* **EXERCISE REQUIREMENTS**: Search the data for the string "finally" and extract every line where it appears.

[PROVIDED RECORDS Boundary: Start]

definition M_set :: "nat \<Rightarrow> (nat \<Rightarrow> real) \<Rightarrow> (real \<times> real) set" where
  "M_set m w = {(l, u). 0 \<le> l \<and> l \<le> u \<and>
      (\<forall>i\<in>{1..m-1}. w (i+1) * l + (1 - w i) * u \<le> 1)}"

definition zbar :: "nat \<Rightarrow> (nat \<Rightarrow> real) \<Rightarrow> real" where
  "zbar m z = (\<Sum>i=1..m. z i) / real m"

definition rho :: "nat \<Rightarrow> nat \<Rightarrow> (nat \<Rightarrow> real) \<Rightarrow> real" where
  "rho m j z = rev (sort (map z [1..<m+1])) ! (j - 1)"

definition V_w :: "nat \<Rightarrow> (nat \<Rightarrow> real) \<Rightarrow> (nat \<Rightarrow> real) \<Rightarrow> ereal" where
  "V_w m w z = Sup {ereal (l * (rho m 1 z - zbar m z) + u * (zbar m z - rho m 2 z)) | l u.
      (l, u) \<in> (\<lambda>(a, b). (sigma_w m w * sqrt (real m / (real m - 1)) * a,
                          sigma_w m w * sqrt (real m / (real m - 1)) * b)) ` M_set m w}"

definition gauss_m :: "nat \<Rightarrow> (nat \<Rightarrow> real) measure" where
  "gauss_m m = PiM {1..m} (\<lambda>_. density lborel std_normal_density)"

definition g_w :: "nat \<Rightarrow> (nat \<Rightarrow> real) \<Rightarrow> real \<Rightarrow> real" where
  "g_w m w v = measure (gauss_m m) {z \<in> space (gauss_m m). V_w m w z \<le> ereal v}"

definition dominates :: "nat \<Rightarrow> (nat \<Rightarrow> real) \<Rightarrow> (nat \<Rightarrow> real) \<Rightarrow> bool" where
  "dominates m w w' \<longleftrightarrow> (\<forall>v\<ge>0. g_w m w v \<le> g_w m w' v)"

end

theory Submission
  imports Defs "HOL-Library.Nat_Bijection"
begin

(*
  Put A = rho_1(Z) - Zbar >= 0 and X = rho_1(Z) - rho_2(Z) >= 0.  Since
  lambda (rho_1 - Zbar) + mu (Zbar - rho_2) = (lambda - mu) A + mu X with lambda <= mu on M_w,
  V_w depends only on (A, X).  For Borda the constraint i = m - 1 gives mu <= T = (m-1)/(m-2) and
  (T, T) lies in M_w, so V_Borda = c_B T X exactly, where c_w = sigma_w sqrt (m/(m-1)); for every
  rule (1, 1) lies in M_w, so V_w >= c_w X.  Hence w dominates Borda as soon as c_w >= c_B T,
  which a variance computation confirms for the floor(m/2)-approval rule when m >= 5.

  Conversely, suppose some slack gamma = 1 + w_(i+1) - w_i satisfies c_w / gamma < c_B T.  On the
  event X <= gamma A one has V_w <= (c_w / gamma) X.  Take r < 1 with c_w / gamma <= r c_B T and s
  small: P(s < X <= s/r) is of order s, whereas X <= s/r < gamma A forces Z_1, Z_2, Z_3 to lie
  within O(s) of each other, which has probability O(s^2).  So g_w > g_Borda at v = c_B T s.
  For m = 3, 4 an explicit variance computation shows that every w other than Borda has such a slack.
*)

section \<open>Order statistics\<close>

lemma sorted_le_last: "sorted xs \<Longrightarrow> x \<in> set xs \<Longrightarrow> x \<le> last xs"
  by (induction xs rule: rev_induct) (auto simp: sorted_append)

lemma rho_top_two:
  assumes "m \<ge> 2"
  obtains i j where "i \<in> {1..m}" "j \<in> {1..m}" "i \<noteq> j" "z i = rho m 1 z" "z j = rho m 2 z"
    "\<And>k. k \<in> {1..m} \<Longrightarrow> z k \<le> rho m 1 z"
    "\<And>k. k \<in> {1..m} \<Longrightarrow> k \<noteq> i \<Longrightarrow> z k \<le> rho m 2 z"
proof -
  define S where "S = sort (map z [1..<m+1])"
  have len: "length S = m" and sorted: "sorted S" by (simp_all add: S_def)
  have split: "S = butlast S @ [last S]"
    using len assms by (intro append_butlast_last_id[symmetric]) auto
  have ne: "butlast S \<noteq> []" using len assms by (simp flip: length_greater_0_conv)
  have rho_S: "rho m j z = rev S ! (j - 1)" for j by (simp add: rho_def S_def)
  have rev_S: "rev S = last S # rev (butlast S)" by (subst split) simp
  have rho1: "rho m 1 z = last S" unfolding rho_S rev_S by simp
  have rho2: "rho m 2 z = last (butlast S)"
    unfolding rho_S rev_S using ne by (simp add: hd_conv_nth[symmetric] hd_rev)
  have "last S \<in> set S" using len assms by (intro last_in_set) auto
  moreover have set_S: "set S = z ` {1..m}"
    by (simp add: S_def atLeastLessThanSuc_atLeastAtMost del: upt_Suc)
  ultimately obtain i where i: "i \<in> {1..m}" "z i = last S" by (metis imageE)
  have "mset (butlast S) = mset S - {#z i#}" using i by (subst (2) split) simp
  also have "\<dots> = image_mset z (mset [1..<m+1]) - image_mset z {#i#}"
    by (simp add: S_def del: upt_Suc)
  also have "\<dots> = image_mset z (mset (remove1 i [1..<m+1]))"
    using i by (simp add: image_mset_Diff del: upt_Suc)
  finally have rest: "set (butlast S) = z ` ({1..m} - {i})"
    by (metis set_image_mset set_mset_mset set_remove1_eq distinct_upt set_upt
        atLeastLessThanSuc_atLeastAtMost Suc_eq_plus1)
  then obtain j where j: "j \<in> {1..m} - {i}" "z j = last (butlast S)"
    using ne last_in_set by (metis imageE)
  have le1: "z k \<le> rho m 1 z" if "k \<in> {1..m}" for k
    unfolding rho1 using sorted that set_S by (intro sorted_le_last) auto
  have le2: "z k \<le> rho m 2 z" if "k \<in> {1..m}" "k \<noteq> i" for k
    unfolding rho2 using sorted_butlast[OF sorted] rest that by (intro sorted_le_last) auto
  show thesis
    using that[of i j] i j le1 le2 unfolding rho1 rho2 by blast
qed

lemma le_rho1: "m \<ge> 2 \<Longrightarrow> k \<in> {1..m} \<Longrightarrow> z k \<le> rho m 1 z"
  by (rule rho_top_two[of m z]) blast+

lemma rho_top_two_eq:
  assumes "m \<ge> 2" "z 2 < z 1" "\<And>k. k \<in> {3..m} \<Longrightarrow> z k < z 2"
  shows "rho m 1 z = z 1" "rho m 2 z = z 2"
proof -
  obtain i j where ij: "i \<in> {1..m}" "j \<in> {1..m}" "i \<noteq> j" "z i = rho m 1 z" "z j = rho m 2 z"
    and le1: "\<And>k. k \<in> {1..m} \<Longrightarrow> z k \<le> rho m 1 z"
    and le2: "\<And>k. k \<in> {1..m} \<Longrightarrow> k \<noteq> i \<Longrightarrow> z k \<le> rho m 2 z"
    using rho_top_two[OF assms(1)] by blast
  have below_1: "z k < z 1" if "k \<in> {2..m}" for k
    using that assms(2) assms(3)[of k] by (cases "k = 2") auto
  have "i = 1"
    using below_1[of i] le1[of 1] ij assms(1) by (cases "i = 1") auto
  then show "rho m 1 z = z 1" using ij by simp
  have "z j \<le> z 2"
    using ij \<open>i = 1\<close> assms(3)[of j] by (cases "j = 2") auto
  then show "rho m 2 z = z 2"
    using le2[of 2] ij \<open>i = 1\<close> assms(1) by fastforce
qed
private lemma B_S_factors:
  "BG \<in> carrier_mat ng m" "BL \<in> carrier_mat nl m" "P \<in> carrier_mat m nl" "X \<in> carrier_mat nl nl"
  "X * (BL * P) = 1\<^sub>m nl" "B_S B ng \<Gamma> e = BG * (1\<^sub>m m - P * X * BL)"
proof -
  have G': "pos_diag (Gamma' \<Gamma> e) m" by (rule Gamma'_pos_diag[OF \<Gamma> e])
  then have G'c: "Gamma' \<Gamma> e \<in> carrier_mat m m" by (simp add: pos_diag_def)
  show BG: "BG \<in> carrier_mat ng m" and BL: "BL \<in> carrier_mat nl m"
    using incidence_mat_blocks[OF inc] by auto
  show "P \<in> carrier_mat m nl" using G'c BL by simp
  have "BL * Gamma' \<Gamma> e * transpose_mat BL = BL * P"
    using BL G'c by (simp add: assoc_mult_mat[of _ nl m _ m _ nl])
  moreover have "BL * Gamma' \<Gamma> e * transpose_mat BL \<in> carrier_mat nl nl"
    using BL G'c by simp
  ultimately show "X \<in> carrier_mat nl nl" "X * (BL * P) = 1\<^sub>m nl"
    using minv_mult_self[OF _ det_grounded_laplacian_nonzero[OF inc conn ng G']] by auto
  show "B_S B ng \<Gamma> e = BG * (1\<^sub>m m - P * X * BL)"
    using incidence_mat_blocks(1)[OF inc] by (simp add: B_S_def Let_def)
qed

lemma B_S_carrier: "B_S B ng \<Gamma> e \<in> carrier_mat ng m"
proof -
  have "P * X * BL \<in> carrier_mat m m" using B_S_factors by simp
  then show ?thesis unfolding B_S_factors(6) by (rule mult_carrier_mat[OF B_S_factors(1) minus_carrier_mat])
qed

lemma B_S_mult_vec_load_kernel:
  assumes z: "z \<in> carrier_vec m" and load: "BL *\<^sub>v z = 0\<^sub>v nl"
  shows "B_S B ng \<Gamma> e *\<^sub>v z = BG *\<^sub>v z"
proof -
  note F = B_S_factors
  have PX: "P * X \<in> carrier_mat m nl" using F by simp
  have Q: "P * X * BL \<in> carrier_mat m m" using PX F by simp
  have "(P * X * BL) *\<^sub>v z = 0\<^sub>v m"
    using assoc_mult_mat_vec[OF PX F(2) z] PX load by (simp add: mult_mat_vec_zero)
  then have "(1\<^sub>m m - P * X * BL) *\<^sub>v z = z"
    using minus_mult_distrib_mat_vec[OF one_carrier_mat Q z] z by simp
  then show ?thesis
    unfolding F(6) using assoc_mult_mat_vec[OF F(1) minus_carrier_mat[OF Q] z] by simp
qed

lemma B_S_mult_Gamma'_load_transpose: "B_S B ng \<Gamma> e * P = 0\<^sub>m ng nl"
proof -
  note F = B_S_factors
  have PX: "P * X \<in> carrier_mat m nl" using F by simp
  have Q: "P * X * BL \<in> carrier_mat m m" using PX F by simp
  have BLP: "BL * P \<in> carrier_mat nl nl" using F by simp
  have "P * X * BL * P = P * X * (BL * P)"
    using assoc_mult_mat[OF PX F(2) F(3)] .
  also have "\<dots> = P * (X * (BL * P))"
    using assoc_mult_mat[OF F(3) F(4) BLP] .
  finally have "P * X * BL * P = P" using F(5) right_mult_one_mat[OF F(3)] by simp
  then have "(1\<^sub>m m - P * X * BL) * P = 0\<^sub>m m nl"
    using minus_mult_distrib_mat[OF one_carrier_mat Q F(3)] left_mult_one_mat[OF F(3)] F(3) by simp
  then show ?thesis
    unfolding F(6) using assoc_mult_mat[OF F(1) minus_carrier_mat[OF Q] F(3)] F(1) by simp
qed
lemma card_fwd_switchings_ge:
  assumes G: "G \<in> graphs_deg n d" and S: "S \<subseteq> {1..n}" and \<Delta>: "\<And>x. x \<in> {1..n} \<Longrightarrow> d x \<le> \<Delta>"
    and V: "finite V" "card V \<le> k"
    and big: "real (2 * (k + 2 + \<Delta>) * \<Delta>) \<le> real (dset d S)"
  shows "(real (dset d S) - real (2 * (k + 2 + \<Delta>) * \<Delta>)) ^ 2 \<le> real (card (fwd_switchings G S V a b))"
proof -
  define e where "e = real (dset d S) - real (2 * (k + 2 + \<Delta>) * \<Delta>)"
  have nbr: "finite (nbr G x)" "card (nbr G x) \<le> \<Delta>" for x
    using finite_nbr card_nbr graphs_degD(1)[OF G] deg_le_if_graphs_deg[OF G \<Delta>] by metis+
  have "real ((2 * card V + card (nbr G a)) * \<Delta>) \<le> real (2 * (k + 2 + \<Delta>) * \<Delta>)"
    unfolding of_nat_le_iff using V nbr(2)[of a] by (intro mult_right_mono) auto
  moreover have "real (dset d S) - real ((2 * card V + card (nbr G a)) * \<Delta>) \<le> real (card (switch_first G S V a))"
    using card_arcs_avoiding_ge[OF G S \<Delta> V(1) nbr(1) finite.emptyI] unfolding switch_first_eq by simp
  ultimately have first: "e \<le> real (card (switch_first G S V a))" unfolding e_def by linarith
  have second: "e \<le> real (card (switch_second G S V b p))" for p
  proof -
    have "card {fst p, snd p} \<le> 2" by (simp add: card_insert_le_m1)
    then have "card (V \<union> {fst p, snd p}) \<le> k + 2"
      using card_Un_le[of V "{fst p, snd p}"] V(2) by linarith
    then have "real ((2 * card (V \<union> {fst p, snd p}) + card (nbr G b) + card (nbr G (snd p))) * \<Delta>)
        \<le> real (2 * (k + 2 + \<Delta>) * \<Delta>)"
      unfolding of_nat_le_iff using nbr(2)[of b] nbr(2)[of "snd p"] by (intro mult_right_mono) auto
    moreover have "real (dset d S)
        - real ((2 * card (V \<union> {fst p, snd p}) + card (nbr G b) + card (nbr G (snd p))) * \<Delta>)
      \<le> real (card (switch_second G S V b p))"
      unfolding switch_second_eq by (rule card_arcs_avoiding_ge) (use G S \<Delta> V nbr in auto)
    ultimately show ?thesis unfolding e_def by linarith
  qed
  have "finite (arcs G S)"
    using finite_arcs[OF graphs_degD(1)[OF G]] S finite_subset by blast
  then have fin: "finite (switch_first G S V a)" "finite (switch_second G S V b p)" for p
    unfolding switch_first_eq switch_second_eq by auto
  have "e * e \<le> real (card (switch_first G S V a)) * e"
    using first big unfolding e_def by (intro mult_right_mono) auto
  also have "\<dots> \<le> (\<Sum>p \<in> switch_first G S V a. real (card (switch_second G S V b p)))"
    using sum_mono[of "switch_first G S V a" "\<lambda>_. e"] second by simp
  also have "\<dots> = real (card (fwd_switchings G S V a b))"
    unfolding fwd_switchings_def using fin by (simp add: card_SigmaI)
  finally show ?thesis unfolding e_def power2_eq_square .
qed
(* Let $(K,\le)$ be a linearly ordered set which is compact in its order topology. The following are equivalent: (1) $K$ is almost totally disconnected; (2) there is a family $\{(a_i,b_i)\}_{i\in I}\subseteq K\times K$ such that (a) $a_i<b_i$ for every $i\in I$; (b) for every $x\in K$ the set $\{i\in I: a_i<x<b_i\}$ is countable; (c) for all $x<y$ in $K$ there is $i\in I$ with $x\le a_i<b_i\le y$.
   Context: For a set $\Gamma$, $\Sigma_0^1[0,1]^\Gamma$ is the subspace of $[0,1]^\Gamma$ (product topology) consisting of those $x$ with $x_\gamma\in\{0,1\}$ for all but countably many $\gamma$. A compact space is almost totally disconnected if it is homeomorphic to a subspace of $\Sigma_0^1[0,1]^\Gamma$ for some set $\Gamma$. *)

theory Defs
  imports "HOL-Analysis.Analysis"
begin

text \<open>The cube [0,1]^Gamma with the product topology (points are extensional
  functions on Gamma).\<close>
definition cube01 :: "'g set \<Rightarrow> ('g \<Rightarrow> real) topology" where
  "cube01 \<Gamma> = product_topology (\<lambda>_. top_of_set {0..1}) \<Gamma>"

definition Sigma01 :: "'g set \<Rightarrow> ('g \<Rightarrow> real) set" where
  "Sigma01 \<Gamma> = {x \<in> topspace (cube01 \<Gamma>). countable {\<gamma> \<in> \<Gamma>. x \<gamma> \<notin> {0, 1}}}"
(* Let $m\ge1$ and let $G$ be a strongly regular graph with parameters $P_+(m)$ or $P_-(m)$ and 2-rank $r$. Let $x$ be a vertex of $G$ and let $G'$ be obtained from $G$ by Seidel switching with respect to the set of neighbours of $x$, and let $G''$ be $G'$ with the (isolated) vertex $x$ deleted. Then $G''$ has 2-rank $r-2$ if $\mathbf{1}\in\mathrm{Col}_2(G)$, and 2-rank $r$ otherwise. (When $G''$ is strongly regular with parameters $P_0(m)$, this yields an SRG with parameters $P_0(m)$ of 2-rank $r-2$ or $r$ accordingly.)
   Context: $P_0(m)=(2^{2m}-1,2^{2m-1},2^{2m-2},2^{2m-2})$, $P_\pm(m)=(2^{2m},2^{2m-1}\pm2^{m-1},2^{2m-2}\pm2^{m-1},2^{2m-2}\pm2^{m-1})$. The 2-rank of a graph is the rank over $\mathbb{F}_2$ of its adjacency matrix; $\mathrm{Col}_2(G)$ is the $\mathbb{F}_2$-column space of the adjacency matrix of $G$, and $\mathbf{1}$ is the all-ones vector. Seidel switching with respect to a vertex set $X$ removes all edges between $X$ and its complement and adds all previously absent edges between $X$ and its complement, leaving other adjacencies unchanged. *)

theory Defs
  imports Complex_Main "HOL-Library.Function_Algebras" "HOL-Library.Z2"
begin

definition simple_graph :: "'a set \<Rightarrow> ('a \<Rightarrow> 'a \<Rightarrow> bool) \<Rightarrow> bool" where
  "simple_graph V adj \<longleftrightarrow> finite V \<and> (\<forall>x y. adj x y \<longrightarrow> x \<in> V \<and> y \<in> V)
     \<and> (\<forall>x y. adj x y \<longrightarrow> adj y x) \<and> (\<forall>x. \<not> adj x x)"

definition nbrs :: "'a set \<Rightarrow> ('a \<Rightarrow> 'a \<Rightarrow> bool) \<Rightarrow> 'a \<Rightarrow> 'a set" where
  "nbrs V adj x = {y \<in> V. adj x y}"

definition srg :: "'a set \<Rightarrow> ('a \<Rightarrow> 'a \<Rightarrow> bool) \<Rightarrow> nat \<Rightarrow> nat \<Rightarrow> nat \<Rightarrow> nat \<Rightarrow> bool" where
  "srg V adj v k l mu \<longleftrightarrow> simple_graph V adj \<and> card V = v
     \<and> (\<forall>x\<in>V. card (nbrs V adj x) = k)
     \<and> (\<forall>x\<in>V. \<forall>y\<in>V. adj x y \<longrightarrow> card (nbrs V adj x \<inter> nbrs V adj y) = l)
     \<and> (\<forall>x\<in>V. \<forall>y\<in>V. x \<noteq> y \<longrightarrow> \<not> adj x y \<longrightarrow> card (nbrs V adj x \<inter> nbrs V adj y) = mu)"

definition srg_P_plus :: "'a set \<Rightarrow> ('a \<Rightarrow> 'a \<Rightarrow> bool) \<Rightarrow> nat \<Rightarrow> bool" where
  "srg_P_plus V adj m \<longleftrightarrow> srg V adj (2^(2*m)) (2^(2*m-1) + 2^(m-1))
      (2^(2*m-2) + 2^(m-1)) (2^(2*m-2) + 2^(m-1))"

definition srg_P_minus :: "'a set \<Rightarrow> ('a \<Rightarrow> 'a \<Rightarrow> bool) \<Rightarrow> nat \<Rightarrow> bool" where
  "srg_P_minus V adj m \<longleftrightarrow> srg V adj (2^(2*m)) (2^(2*m-1) - 2^(m-1))
      (2^(2*m-2) - 2^(m-1)) (2^(2*m-2) - 2^(m-1))"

[PROVIDED RECORDS Boundary: End]

* **PROBLEM SOLUTION**:
  finally have rest: "set (butlast S) = z ` ({1..m} - {i})"
  finally have "P * X * BL * P = P" using F(5) right_mult_one_mat[OF F(3)] by simp
  finally show ?thesis unfolding e_def power2_eq_square .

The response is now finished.